• _Task description_
Find the line with "text \<open>Elements of" and the line with "text \<open>Coefficient of" in the entries below; output exactly those two lines, every line between them, and no others.

• _Source data_
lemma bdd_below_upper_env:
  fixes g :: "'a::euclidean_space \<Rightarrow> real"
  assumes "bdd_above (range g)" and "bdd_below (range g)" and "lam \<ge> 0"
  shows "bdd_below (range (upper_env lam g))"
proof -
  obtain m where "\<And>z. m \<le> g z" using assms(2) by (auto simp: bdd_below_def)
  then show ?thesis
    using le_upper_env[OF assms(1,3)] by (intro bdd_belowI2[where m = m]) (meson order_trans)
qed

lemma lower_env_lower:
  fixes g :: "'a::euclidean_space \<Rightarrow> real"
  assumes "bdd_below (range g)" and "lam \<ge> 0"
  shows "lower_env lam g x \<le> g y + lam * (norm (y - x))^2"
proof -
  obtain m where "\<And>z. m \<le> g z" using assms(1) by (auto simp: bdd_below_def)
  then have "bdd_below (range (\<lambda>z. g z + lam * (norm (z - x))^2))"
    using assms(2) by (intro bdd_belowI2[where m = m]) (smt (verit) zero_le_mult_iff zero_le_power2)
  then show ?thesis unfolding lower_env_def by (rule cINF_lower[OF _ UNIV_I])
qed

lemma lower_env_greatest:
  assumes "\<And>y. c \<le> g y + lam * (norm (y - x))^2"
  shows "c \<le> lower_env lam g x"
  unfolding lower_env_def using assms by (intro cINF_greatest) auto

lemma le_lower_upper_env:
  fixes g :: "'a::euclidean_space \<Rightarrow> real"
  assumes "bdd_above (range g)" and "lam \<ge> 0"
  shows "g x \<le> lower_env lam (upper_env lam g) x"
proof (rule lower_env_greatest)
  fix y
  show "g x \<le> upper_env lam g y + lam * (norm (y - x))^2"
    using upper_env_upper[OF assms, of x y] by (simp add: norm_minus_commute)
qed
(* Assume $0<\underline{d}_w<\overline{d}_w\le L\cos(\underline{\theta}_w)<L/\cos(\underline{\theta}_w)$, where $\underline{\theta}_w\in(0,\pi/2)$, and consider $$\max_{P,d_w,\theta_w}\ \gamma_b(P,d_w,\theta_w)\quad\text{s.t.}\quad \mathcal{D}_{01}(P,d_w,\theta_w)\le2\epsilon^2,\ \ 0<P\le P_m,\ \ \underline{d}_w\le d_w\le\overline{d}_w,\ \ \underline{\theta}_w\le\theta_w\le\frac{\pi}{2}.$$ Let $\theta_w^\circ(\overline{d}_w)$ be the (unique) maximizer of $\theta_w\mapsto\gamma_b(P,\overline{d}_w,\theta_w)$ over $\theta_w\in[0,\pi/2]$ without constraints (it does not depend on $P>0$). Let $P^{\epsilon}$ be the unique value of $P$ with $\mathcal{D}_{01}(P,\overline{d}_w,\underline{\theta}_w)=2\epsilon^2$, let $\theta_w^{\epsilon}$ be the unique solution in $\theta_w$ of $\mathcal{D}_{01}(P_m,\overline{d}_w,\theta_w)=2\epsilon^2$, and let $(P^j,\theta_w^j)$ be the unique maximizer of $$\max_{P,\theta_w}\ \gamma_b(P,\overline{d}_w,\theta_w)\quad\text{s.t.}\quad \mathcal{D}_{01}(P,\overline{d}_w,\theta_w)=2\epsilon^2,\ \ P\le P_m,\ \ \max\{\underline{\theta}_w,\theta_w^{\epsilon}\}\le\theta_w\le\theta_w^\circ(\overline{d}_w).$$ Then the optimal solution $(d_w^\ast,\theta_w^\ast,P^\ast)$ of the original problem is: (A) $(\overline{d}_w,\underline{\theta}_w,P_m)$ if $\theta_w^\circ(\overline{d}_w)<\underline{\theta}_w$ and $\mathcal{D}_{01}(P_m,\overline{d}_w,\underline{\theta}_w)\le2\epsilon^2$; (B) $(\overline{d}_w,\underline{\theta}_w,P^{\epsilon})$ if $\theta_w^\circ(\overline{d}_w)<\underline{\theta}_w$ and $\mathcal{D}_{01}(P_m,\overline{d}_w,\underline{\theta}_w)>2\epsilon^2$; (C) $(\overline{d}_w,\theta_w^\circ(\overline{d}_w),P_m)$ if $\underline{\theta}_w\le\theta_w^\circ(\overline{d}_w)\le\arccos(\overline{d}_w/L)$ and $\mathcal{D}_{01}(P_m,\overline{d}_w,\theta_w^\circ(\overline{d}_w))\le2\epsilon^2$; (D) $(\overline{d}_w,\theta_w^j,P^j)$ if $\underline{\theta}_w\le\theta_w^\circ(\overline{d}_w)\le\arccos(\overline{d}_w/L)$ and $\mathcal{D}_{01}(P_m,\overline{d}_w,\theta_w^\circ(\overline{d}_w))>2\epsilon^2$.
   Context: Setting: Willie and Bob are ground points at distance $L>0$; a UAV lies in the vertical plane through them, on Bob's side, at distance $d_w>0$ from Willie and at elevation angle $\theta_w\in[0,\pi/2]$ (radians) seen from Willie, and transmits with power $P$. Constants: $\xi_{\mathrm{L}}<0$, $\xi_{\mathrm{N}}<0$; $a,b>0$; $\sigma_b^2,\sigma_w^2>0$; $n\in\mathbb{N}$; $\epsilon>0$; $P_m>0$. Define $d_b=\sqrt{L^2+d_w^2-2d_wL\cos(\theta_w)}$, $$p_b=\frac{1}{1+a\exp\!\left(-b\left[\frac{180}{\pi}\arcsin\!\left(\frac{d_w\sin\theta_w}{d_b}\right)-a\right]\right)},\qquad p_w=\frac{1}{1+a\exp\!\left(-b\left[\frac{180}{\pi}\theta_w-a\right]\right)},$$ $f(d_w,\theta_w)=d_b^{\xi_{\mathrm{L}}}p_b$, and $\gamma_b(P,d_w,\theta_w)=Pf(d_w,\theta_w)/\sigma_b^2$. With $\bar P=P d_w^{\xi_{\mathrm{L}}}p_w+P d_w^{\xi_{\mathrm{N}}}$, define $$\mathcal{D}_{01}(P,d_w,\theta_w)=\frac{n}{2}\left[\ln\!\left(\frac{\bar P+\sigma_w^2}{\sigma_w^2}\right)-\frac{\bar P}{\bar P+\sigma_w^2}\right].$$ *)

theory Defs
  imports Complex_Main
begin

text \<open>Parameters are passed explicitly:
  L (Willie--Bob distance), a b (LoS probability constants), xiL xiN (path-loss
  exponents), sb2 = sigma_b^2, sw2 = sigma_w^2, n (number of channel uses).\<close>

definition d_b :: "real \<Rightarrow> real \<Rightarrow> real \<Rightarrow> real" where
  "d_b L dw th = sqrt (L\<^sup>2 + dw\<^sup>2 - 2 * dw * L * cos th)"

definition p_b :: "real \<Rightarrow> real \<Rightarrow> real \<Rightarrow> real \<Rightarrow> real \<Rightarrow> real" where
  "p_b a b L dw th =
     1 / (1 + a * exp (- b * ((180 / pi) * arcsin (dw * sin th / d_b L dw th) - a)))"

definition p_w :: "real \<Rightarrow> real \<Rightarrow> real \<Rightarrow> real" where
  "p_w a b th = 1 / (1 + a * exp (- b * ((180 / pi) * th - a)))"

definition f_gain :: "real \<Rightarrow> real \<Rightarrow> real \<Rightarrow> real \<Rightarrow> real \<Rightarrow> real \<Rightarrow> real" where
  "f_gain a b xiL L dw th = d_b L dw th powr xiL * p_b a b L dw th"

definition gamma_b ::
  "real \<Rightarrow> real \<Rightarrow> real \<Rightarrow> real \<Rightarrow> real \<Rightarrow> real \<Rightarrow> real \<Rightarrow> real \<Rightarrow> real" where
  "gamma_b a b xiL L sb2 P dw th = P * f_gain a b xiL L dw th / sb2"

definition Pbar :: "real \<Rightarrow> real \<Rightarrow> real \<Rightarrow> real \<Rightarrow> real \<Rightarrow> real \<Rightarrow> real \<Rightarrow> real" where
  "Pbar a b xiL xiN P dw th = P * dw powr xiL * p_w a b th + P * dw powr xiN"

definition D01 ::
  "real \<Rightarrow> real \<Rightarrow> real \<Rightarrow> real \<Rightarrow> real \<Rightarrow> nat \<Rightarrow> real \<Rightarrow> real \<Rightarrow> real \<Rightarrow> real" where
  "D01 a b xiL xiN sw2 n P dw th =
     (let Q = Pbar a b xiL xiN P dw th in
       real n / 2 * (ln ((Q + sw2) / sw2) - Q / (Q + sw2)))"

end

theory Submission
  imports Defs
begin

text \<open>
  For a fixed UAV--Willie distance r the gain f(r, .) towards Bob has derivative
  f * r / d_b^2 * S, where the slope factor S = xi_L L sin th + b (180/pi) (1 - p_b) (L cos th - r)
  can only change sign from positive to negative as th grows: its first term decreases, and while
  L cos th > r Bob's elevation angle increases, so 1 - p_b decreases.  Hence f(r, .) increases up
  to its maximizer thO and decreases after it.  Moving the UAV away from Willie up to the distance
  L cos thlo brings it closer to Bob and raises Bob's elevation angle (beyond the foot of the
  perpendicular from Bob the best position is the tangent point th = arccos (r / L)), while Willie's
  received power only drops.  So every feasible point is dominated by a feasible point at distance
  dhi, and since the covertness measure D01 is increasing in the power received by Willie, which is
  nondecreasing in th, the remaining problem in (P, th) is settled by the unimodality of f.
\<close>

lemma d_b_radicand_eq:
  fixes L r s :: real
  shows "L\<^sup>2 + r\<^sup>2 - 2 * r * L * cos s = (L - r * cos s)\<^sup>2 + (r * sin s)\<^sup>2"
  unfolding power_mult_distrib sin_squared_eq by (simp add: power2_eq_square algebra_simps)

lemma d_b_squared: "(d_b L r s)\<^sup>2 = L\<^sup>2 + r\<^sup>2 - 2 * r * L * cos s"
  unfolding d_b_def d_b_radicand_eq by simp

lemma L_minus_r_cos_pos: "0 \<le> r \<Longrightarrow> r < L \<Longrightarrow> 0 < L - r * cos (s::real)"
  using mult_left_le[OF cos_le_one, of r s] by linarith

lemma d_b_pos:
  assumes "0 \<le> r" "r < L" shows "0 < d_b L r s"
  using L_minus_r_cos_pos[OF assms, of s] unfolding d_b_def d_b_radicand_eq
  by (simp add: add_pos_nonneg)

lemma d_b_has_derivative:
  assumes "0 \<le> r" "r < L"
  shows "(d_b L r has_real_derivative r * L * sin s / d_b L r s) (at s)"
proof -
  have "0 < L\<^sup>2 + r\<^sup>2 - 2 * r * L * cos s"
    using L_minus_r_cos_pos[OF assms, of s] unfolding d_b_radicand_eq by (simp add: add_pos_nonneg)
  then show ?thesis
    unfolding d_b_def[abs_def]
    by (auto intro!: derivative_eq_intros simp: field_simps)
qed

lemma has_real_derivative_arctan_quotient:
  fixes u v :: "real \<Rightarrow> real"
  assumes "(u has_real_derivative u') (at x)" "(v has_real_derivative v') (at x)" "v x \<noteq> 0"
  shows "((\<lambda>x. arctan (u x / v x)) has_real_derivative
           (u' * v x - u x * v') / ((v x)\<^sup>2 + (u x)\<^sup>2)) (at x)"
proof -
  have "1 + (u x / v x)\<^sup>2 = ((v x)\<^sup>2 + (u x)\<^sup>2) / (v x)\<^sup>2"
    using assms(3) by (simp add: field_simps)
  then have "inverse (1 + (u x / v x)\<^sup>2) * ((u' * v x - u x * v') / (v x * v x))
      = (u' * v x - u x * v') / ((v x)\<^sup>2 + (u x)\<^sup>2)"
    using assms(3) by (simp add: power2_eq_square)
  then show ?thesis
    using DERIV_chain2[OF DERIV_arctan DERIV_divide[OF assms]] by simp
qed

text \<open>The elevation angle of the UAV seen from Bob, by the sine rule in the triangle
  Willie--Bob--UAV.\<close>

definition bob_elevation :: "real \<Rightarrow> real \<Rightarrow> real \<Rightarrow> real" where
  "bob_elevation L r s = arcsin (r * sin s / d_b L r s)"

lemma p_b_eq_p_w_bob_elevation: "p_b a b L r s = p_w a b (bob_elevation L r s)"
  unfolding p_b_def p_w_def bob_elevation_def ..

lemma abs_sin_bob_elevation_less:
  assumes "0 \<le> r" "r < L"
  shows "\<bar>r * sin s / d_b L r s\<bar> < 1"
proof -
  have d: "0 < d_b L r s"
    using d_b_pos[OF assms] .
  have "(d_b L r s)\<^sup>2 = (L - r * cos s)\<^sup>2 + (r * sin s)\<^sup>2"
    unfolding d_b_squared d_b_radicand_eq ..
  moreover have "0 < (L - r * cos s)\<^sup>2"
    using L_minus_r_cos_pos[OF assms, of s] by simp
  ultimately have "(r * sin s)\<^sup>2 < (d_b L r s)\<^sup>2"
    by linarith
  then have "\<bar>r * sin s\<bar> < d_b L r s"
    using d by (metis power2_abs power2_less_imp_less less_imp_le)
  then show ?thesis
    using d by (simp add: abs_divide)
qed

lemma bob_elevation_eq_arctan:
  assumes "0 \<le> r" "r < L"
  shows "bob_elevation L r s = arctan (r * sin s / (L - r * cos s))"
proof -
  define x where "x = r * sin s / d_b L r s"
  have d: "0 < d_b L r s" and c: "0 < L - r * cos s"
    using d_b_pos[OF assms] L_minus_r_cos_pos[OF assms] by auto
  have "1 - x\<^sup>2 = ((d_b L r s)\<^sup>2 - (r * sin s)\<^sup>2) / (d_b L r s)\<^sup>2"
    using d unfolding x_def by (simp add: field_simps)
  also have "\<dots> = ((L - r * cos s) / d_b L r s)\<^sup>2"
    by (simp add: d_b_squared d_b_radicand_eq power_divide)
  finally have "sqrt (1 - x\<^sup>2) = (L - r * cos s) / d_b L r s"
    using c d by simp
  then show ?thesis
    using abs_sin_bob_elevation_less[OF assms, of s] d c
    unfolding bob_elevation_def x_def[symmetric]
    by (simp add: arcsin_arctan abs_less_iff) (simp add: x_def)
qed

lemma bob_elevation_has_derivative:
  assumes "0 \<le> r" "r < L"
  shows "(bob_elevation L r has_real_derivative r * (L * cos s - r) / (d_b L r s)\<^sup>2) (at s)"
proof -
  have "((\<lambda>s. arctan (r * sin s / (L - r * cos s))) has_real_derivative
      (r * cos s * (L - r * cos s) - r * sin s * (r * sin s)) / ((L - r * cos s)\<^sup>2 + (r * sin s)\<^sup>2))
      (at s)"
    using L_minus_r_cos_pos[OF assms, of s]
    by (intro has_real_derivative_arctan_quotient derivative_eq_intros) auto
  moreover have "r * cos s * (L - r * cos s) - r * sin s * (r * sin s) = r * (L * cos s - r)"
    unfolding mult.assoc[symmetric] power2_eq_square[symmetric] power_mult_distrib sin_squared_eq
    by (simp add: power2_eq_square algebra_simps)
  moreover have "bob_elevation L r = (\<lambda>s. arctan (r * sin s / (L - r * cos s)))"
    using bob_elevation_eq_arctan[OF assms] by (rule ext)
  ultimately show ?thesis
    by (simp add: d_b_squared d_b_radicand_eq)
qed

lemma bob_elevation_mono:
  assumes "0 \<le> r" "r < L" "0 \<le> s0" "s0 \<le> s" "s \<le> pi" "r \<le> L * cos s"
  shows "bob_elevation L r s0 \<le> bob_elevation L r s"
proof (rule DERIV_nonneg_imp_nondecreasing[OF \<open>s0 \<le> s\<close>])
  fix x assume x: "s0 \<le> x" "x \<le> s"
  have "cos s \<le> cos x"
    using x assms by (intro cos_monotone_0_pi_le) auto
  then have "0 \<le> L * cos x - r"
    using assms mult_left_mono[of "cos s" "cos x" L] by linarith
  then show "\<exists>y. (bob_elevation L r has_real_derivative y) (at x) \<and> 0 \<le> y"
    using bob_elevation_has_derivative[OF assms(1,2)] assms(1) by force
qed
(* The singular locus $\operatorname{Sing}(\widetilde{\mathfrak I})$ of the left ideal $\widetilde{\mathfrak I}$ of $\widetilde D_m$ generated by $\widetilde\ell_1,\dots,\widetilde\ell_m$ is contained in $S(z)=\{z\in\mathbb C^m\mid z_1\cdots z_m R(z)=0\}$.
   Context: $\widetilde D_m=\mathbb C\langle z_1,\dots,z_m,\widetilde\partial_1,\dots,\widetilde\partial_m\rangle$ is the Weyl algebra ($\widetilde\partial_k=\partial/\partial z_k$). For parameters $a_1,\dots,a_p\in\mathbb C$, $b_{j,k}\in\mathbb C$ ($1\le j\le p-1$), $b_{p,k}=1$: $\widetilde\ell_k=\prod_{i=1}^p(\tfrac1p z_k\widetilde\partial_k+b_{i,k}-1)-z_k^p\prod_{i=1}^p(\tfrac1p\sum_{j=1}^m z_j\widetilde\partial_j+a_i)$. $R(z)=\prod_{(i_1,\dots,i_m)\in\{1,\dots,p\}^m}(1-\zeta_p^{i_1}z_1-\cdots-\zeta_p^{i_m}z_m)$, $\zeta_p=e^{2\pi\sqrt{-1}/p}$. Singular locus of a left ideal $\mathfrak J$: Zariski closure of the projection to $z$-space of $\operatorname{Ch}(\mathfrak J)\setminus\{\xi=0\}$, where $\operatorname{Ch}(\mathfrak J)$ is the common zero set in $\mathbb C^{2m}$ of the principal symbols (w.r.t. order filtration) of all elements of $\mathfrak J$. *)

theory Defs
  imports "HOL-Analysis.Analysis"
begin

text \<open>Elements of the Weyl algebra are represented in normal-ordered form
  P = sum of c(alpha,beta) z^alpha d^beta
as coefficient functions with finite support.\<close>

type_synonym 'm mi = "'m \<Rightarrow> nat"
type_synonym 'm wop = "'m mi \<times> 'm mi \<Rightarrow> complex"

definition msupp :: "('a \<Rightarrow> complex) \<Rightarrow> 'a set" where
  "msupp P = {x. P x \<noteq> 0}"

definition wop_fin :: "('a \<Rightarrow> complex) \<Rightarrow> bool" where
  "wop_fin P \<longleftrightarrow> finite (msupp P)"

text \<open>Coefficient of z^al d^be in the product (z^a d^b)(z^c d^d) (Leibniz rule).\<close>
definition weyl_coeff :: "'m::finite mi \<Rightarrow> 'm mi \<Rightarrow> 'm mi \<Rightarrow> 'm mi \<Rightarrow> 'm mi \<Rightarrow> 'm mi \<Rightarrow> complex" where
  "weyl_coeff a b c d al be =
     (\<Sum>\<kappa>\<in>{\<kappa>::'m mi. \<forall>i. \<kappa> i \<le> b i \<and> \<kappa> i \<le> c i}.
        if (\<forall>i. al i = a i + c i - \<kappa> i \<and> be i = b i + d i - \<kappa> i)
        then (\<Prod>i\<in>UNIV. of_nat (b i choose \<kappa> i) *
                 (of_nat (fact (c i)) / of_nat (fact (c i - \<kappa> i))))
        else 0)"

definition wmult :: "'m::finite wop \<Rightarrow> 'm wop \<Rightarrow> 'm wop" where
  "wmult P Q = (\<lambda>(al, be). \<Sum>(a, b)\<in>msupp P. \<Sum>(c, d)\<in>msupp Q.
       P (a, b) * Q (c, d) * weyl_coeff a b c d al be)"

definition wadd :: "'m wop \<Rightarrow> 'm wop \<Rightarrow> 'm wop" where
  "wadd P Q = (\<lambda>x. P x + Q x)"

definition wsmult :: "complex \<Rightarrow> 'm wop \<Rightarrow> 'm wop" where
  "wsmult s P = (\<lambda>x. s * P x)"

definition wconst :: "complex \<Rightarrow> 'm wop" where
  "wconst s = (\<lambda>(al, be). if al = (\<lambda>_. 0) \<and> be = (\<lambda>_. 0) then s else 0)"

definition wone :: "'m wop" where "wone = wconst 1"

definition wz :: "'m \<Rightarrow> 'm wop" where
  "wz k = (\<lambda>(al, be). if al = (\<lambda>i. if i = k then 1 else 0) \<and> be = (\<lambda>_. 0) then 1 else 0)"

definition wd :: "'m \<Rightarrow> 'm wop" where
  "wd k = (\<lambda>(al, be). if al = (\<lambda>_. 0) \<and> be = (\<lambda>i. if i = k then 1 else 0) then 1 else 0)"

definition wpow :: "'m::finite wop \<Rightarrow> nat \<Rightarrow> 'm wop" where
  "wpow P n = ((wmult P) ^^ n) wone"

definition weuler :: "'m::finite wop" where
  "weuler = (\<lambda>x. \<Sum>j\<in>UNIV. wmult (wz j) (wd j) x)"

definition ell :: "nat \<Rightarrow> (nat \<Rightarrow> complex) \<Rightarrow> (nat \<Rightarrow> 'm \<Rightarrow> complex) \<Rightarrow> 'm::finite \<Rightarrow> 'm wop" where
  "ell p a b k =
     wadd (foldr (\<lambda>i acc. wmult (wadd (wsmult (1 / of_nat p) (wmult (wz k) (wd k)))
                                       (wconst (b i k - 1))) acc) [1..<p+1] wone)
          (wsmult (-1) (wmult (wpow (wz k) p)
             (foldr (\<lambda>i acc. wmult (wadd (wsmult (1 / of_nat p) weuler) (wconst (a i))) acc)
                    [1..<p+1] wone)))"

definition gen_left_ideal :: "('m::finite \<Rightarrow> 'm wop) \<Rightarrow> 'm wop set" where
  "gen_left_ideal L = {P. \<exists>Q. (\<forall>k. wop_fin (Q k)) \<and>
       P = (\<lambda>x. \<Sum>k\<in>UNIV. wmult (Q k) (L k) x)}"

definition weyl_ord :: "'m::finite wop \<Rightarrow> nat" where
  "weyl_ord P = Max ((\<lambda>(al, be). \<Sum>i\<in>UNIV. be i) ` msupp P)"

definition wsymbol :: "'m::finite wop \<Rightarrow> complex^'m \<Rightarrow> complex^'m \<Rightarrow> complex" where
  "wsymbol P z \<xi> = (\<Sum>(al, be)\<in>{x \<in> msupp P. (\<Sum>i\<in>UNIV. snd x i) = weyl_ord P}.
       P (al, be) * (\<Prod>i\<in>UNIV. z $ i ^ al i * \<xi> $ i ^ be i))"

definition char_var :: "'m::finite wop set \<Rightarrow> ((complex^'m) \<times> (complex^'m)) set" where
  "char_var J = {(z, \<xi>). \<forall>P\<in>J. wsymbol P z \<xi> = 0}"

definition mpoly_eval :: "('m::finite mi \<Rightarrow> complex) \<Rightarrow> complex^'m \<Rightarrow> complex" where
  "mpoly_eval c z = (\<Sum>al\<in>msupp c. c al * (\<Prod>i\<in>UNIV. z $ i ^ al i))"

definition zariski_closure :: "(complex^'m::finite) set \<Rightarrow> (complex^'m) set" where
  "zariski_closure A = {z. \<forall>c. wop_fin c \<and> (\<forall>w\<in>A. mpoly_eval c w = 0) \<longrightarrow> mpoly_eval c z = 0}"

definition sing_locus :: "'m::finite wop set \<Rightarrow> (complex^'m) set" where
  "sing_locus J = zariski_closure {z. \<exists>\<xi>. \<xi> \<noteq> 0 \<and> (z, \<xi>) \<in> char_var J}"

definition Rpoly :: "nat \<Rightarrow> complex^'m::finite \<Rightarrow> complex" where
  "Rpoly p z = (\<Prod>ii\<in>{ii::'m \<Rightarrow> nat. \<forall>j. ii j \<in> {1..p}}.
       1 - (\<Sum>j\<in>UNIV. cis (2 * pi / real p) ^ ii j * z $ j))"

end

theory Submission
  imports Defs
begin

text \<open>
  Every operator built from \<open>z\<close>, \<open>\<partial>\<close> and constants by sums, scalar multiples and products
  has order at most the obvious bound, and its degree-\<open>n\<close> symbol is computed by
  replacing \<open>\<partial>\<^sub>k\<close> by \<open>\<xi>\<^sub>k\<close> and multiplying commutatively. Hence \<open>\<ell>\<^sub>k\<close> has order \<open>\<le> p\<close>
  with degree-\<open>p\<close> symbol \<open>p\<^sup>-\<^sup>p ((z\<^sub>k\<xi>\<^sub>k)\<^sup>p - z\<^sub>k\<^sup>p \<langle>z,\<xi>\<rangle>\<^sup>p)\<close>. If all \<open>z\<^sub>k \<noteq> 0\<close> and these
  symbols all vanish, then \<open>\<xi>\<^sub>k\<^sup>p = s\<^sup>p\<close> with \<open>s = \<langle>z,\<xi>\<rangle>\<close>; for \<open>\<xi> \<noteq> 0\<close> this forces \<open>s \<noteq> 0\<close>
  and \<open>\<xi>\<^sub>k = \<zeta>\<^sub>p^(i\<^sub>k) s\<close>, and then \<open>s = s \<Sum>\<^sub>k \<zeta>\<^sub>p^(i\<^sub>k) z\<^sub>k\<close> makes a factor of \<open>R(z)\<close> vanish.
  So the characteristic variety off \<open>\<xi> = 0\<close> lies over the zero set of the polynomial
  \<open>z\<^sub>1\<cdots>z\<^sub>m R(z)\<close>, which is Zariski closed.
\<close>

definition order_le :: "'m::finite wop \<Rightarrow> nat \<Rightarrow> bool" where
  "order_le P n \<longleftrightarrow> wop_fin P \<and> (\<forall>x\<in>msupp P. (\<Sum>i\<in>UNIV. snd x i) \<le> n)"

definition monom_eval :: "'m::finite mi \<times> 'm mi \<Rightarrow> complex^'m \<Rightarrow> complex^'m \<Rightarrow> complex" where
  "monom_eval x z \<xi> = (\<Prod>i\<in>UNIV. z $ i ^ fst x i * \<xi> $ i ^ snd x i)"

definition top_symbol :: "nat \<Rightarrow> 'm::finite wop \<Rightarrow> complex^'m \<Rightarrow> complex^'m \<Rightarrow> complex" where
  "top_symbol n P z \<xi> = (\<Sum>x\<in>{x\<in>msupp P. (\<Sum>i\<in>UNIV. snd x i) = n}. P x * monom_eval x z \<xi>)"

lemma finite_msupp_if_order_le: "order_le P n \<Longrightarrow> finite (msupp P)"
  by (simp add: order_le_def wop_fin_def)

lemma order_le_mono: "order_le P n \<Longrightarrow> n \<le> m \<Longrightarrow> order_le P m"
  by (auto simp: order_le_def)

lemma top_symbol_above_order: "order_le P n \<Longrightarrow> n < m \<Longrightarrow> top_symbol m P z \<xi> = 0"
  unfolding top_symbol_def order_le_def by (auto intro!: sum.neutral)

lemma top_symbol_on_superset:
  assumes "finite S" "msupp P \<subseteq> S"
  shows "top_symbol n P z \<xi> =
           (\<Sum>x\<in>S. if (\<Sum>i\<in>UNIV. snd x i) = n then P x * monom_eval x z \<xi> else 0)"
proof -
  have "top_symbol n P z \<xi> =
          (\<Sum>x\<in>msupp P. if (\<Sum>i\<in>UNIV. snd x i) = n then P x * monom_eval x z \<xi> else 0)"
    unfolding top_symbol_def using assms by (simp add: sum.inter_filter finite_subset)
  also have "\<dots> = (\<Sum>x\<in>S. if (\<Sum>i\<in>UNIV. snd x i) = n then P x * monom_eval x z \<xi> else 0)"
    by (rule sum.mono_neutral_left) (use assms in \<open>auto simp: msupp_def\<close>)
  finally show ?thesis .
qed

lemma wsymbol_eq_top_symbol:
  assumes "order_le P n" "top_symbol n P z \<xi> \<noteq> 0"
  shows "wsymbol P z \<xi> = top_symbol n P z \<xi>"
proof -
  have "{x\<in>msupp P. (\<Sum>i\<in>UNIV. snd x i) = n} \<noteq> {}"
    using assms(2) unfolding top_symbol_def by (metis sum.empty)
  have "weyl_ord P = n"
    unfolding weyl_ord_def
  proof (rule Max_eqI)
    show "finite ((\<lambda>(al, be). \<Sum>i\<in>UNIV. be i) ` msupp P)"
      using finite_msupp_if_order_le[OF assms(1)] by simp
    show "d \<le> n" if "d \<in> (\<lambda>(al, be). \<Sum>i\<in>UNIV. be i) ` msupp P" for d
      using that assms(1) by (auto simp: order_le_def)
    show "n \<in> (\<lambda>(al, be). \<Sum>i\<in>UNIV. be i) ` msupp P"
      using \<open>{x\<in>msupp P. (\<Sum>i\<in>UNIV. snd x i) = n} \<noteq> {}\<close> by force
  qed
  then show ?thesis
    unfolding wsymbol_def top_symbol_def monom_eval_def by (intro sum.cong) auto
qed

• _Solution for this exercise_
text \<open>Elements of the Weyl algebra are represented in normal-ordered form
  P = sum of c(alpha,beta) z^alpha d^beta
as coefficient functions with finite support.\<close>

type_synonym 'm mi = "'m \<Rightarrow> nat"
type_synonym 'm wop = "'m mi \<times> 'm mi \<Rightarrow> complex"

definition msupp :: "('a \<Rightarrow> complex) \<Rightarrow> 'a set" where
  "msupp P = {x. P x \<noteq> 0}"

definition wop_fin :: "('a \<Rightarrow> complex) \<Rightarrow> bool" where
  "wop_fin P \<longleftrightarrow> finite (msupp P)"

text \<open>Coefficient of z^al d^be in the product (z^a d^b)(z^c d^d) (Leibniz rule).\<close>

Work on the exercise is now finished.